*** Available data Section Begins ***
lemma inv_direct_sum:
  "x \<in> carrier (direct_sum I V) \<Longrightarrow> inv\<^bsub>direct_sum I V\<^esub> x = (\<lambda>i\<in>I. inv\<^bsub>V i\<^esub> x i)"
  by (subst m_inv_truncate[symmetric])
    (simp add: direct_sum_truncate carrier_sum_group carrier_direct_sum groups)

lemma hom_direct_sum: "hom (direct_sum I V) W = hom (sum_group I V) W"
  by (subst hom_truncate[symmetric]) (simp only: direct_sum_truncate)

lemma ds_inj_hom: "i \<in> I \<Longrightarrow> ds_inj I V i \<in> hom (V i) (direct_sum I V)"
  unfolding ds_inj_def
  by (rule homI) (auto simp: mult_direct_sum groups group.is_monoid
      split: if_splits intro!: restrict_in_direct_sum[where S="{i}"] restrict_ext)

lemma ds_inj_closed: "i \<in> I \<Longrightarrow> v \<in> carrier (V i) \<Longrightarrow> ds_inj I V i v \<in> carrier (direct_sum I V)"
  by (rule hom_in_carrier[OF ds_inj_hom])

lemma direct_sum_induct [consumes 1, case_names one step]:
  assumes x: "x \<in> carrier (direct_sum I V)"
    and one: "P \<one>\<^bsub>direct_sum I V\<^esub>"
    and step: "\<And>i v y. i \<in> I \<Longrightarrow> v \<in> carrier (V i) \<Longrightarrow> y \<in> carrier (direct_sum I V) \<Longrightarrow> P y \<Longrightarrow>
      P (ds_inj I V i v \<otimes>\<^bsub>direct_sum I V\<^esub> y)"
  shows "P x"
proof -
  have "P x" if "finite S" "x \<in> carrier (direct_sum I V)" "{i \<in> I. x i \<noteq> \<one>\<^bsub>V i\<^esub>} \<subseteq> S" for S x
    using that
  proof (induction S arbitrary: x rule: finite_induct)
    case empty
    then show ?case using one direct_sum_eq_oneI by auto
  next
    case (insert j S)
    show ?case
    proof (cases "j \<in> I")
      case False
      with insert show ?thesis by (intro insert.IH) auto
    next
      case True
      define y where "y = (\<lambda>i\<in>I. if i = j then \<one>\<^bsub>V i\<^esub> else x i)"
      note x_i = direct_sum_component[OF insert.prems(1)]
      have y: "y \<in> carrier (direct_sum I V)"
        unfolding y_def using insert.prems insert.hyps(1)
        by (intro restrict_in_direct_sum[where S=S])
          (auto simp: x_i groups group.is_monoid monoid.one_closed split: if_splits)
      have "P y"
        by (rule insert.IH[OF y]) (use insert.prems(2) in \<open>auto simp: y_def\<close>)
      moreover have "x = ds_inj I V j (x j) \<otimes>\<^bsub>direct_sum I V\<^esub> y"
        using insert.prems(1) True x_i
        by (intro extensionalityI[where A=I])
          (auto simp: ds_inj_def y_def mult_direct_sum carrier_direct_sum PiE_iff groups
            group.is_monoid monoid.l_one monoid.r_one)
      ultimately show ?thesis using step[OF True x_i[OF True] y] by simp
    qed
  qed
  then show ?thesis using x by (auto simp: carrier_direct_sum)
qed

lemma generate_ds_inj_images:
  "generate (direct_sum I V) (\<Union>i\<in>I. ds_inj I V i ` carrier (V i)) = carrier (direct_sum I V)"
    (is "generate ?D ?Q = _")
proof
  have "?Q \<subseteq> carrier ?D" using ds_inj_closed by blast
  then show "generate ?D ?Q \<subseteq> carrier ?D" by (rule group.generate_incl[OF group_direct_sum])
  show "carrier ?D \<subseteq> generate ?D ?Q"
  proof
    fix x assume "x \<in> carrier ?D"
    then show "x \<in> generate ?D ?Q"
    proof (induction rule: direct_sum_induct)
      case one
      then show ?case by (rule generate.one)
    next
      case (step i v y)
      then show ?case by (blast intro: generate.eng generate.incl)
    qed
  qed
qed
*** Available data Section Ends ***
• _Goal of the exercise_
Each entry is to be returned in full, character for character.

• _Answer space_
lemma inv_direct_sum:
  "x \<in> carrier (direct_sum I V) \<Longrightarrow> inv\<^bsub>direct_sum I V\<^esub> x = (\<lambda>i\<in>I. inv\<^bsub>V i\<^esub> x i)"
  by (subst m_inv_truncate[symmetric])
    (simp add: direct_sum_truncate carrier_sum_group carrier_direct_sum groups)

lemma hom_direct_sum: "hom (direct_sum I V) W = hom (sum_group I V) W"
  by (subst hom_truncate[symmetric]) (simp only: direct_sum_truncate)

lemma ds_inj_hom: "i \<in> I \<Longrightarrow> ds_inj I V i \<in> hom (V i) (direct_sum I V)"
  unfolding ds_inj_def
  by (rule homI) (auto simp: mult_direct_sum groups group.is_monoid
      split: if_splits intro!: restrict_in_direct_sum[where S="{i}"] restrict_ext)

lemma ds_inj_closed: "i \<in> I \<Longrightarrow> v \<in> carrier (V i) \<Longrightarrow> ds_inj I V i v \<in> carrier (direct_sum I V)"
  by (rule hom_in_carrier[OF ds_inj_hom])

lemma direct_sum_induct [consumes 1, case_names one step]:
  assumes x: "x \<in> carrier (direct_sum I V)"
    and one: "P \<one>\<^bsub>direct_sum I V\<^esub>"
    and step: "\<And>i v y. i \<in> I \<Longrightarrow> v \<in> carrier (V i) \<Longrightarrow> y \<in> carrier (direct_sum I V) \<Longrightarrow> P y \<Longrightarrow>
      P (ds_inj I V i v \<otimes>\<^bsub>direct_sum I V\<^esub> y)"
  shows "P x"
proof -
  have "P x" if "finite S" "x \<in> carrier (direct_sum I V)" "{i \<in> I. x i \<noteq> \<one>\<^bsub>V i\<^esub>} \<subseteq> S" for S x
    using that
  proof (induction S arbitrary: x rule: finite_induct)
    case empty
    then show ?case using one direct_sum_eq_oneI by auto
  next
    case (insert j S)
    show ?case
    proof (cases "j \<in> I")
      case False
      with insert show ?thesis by (intro insert.IH) auto
    next
      case True
      define y where "y = (\<lambda>i\<in>I. if i = j then \<one>\<^bsub>V i\<^esub> else x i)"
      note x_i = direct_sum_component[OF insert.prems(1)]
      have y: "y \<in> carrier (direct_sum I V)"
        unfolding y_def using insert.prems insert.hyps(1)
        by (intro restrict_in_direct_sum[where S=S])
          (auto simp: x_i groups group.is_monoid monoid.one_closed split: if_splits)
      have "P y"
        by (rule insert.IH[OF y]) (use insert.prems(2) in \<open>auto simp: y_def\<close>)
      moreover have "x = ds_inj I V j (x j) \<otimes>\<^bsub>direct_sum I V\<^esub> y"
        using insert.prems(1) True x_i
        by (intro extensionalityI[where A=I])
          (auto simp: ds_inj_def y_def mult_direct_sum carrier_direct_sum PiE_iff groups
            group.is_monoid monoid.l_one monoid.r_one)
      ultimately show ?thesis using step[OF True x_i[OF True] y] by simp
    qed
  qed
  then show ?thesis using x by (auto simp: carrier_direct_sum)
qed

lemma generate_ds_inj_images:
  "generate (direct_sum I V) (\<Union>i\<in>I. ds_inj I V i ` carrier (V i)) = carrier (direct_sum I V)"
    (is "generate ?D ?Q = _")
proof
  have "?Q \<subseteq> carrier ?D" using ds_inj_closed by blast
  then show "generate ?D ?Q \<subseteq> carrier ?D" by (rule group.generate_incl[OF group_direct_sum])
  show "carrier ?D \<subseteq> generate ?D ?Q"
  proof
    fix x assume "x \<in> carrier ?D"
    then show "x \<in> generate ?D ?Q"
    proof (induction rule: direct_sum_induct)
      case one
      then show ?case by (rule generate.one)
    next
      case (step i v y)
      then show ?case by (blast intro: generate.eng generate.incl)
    qed
  qed
qed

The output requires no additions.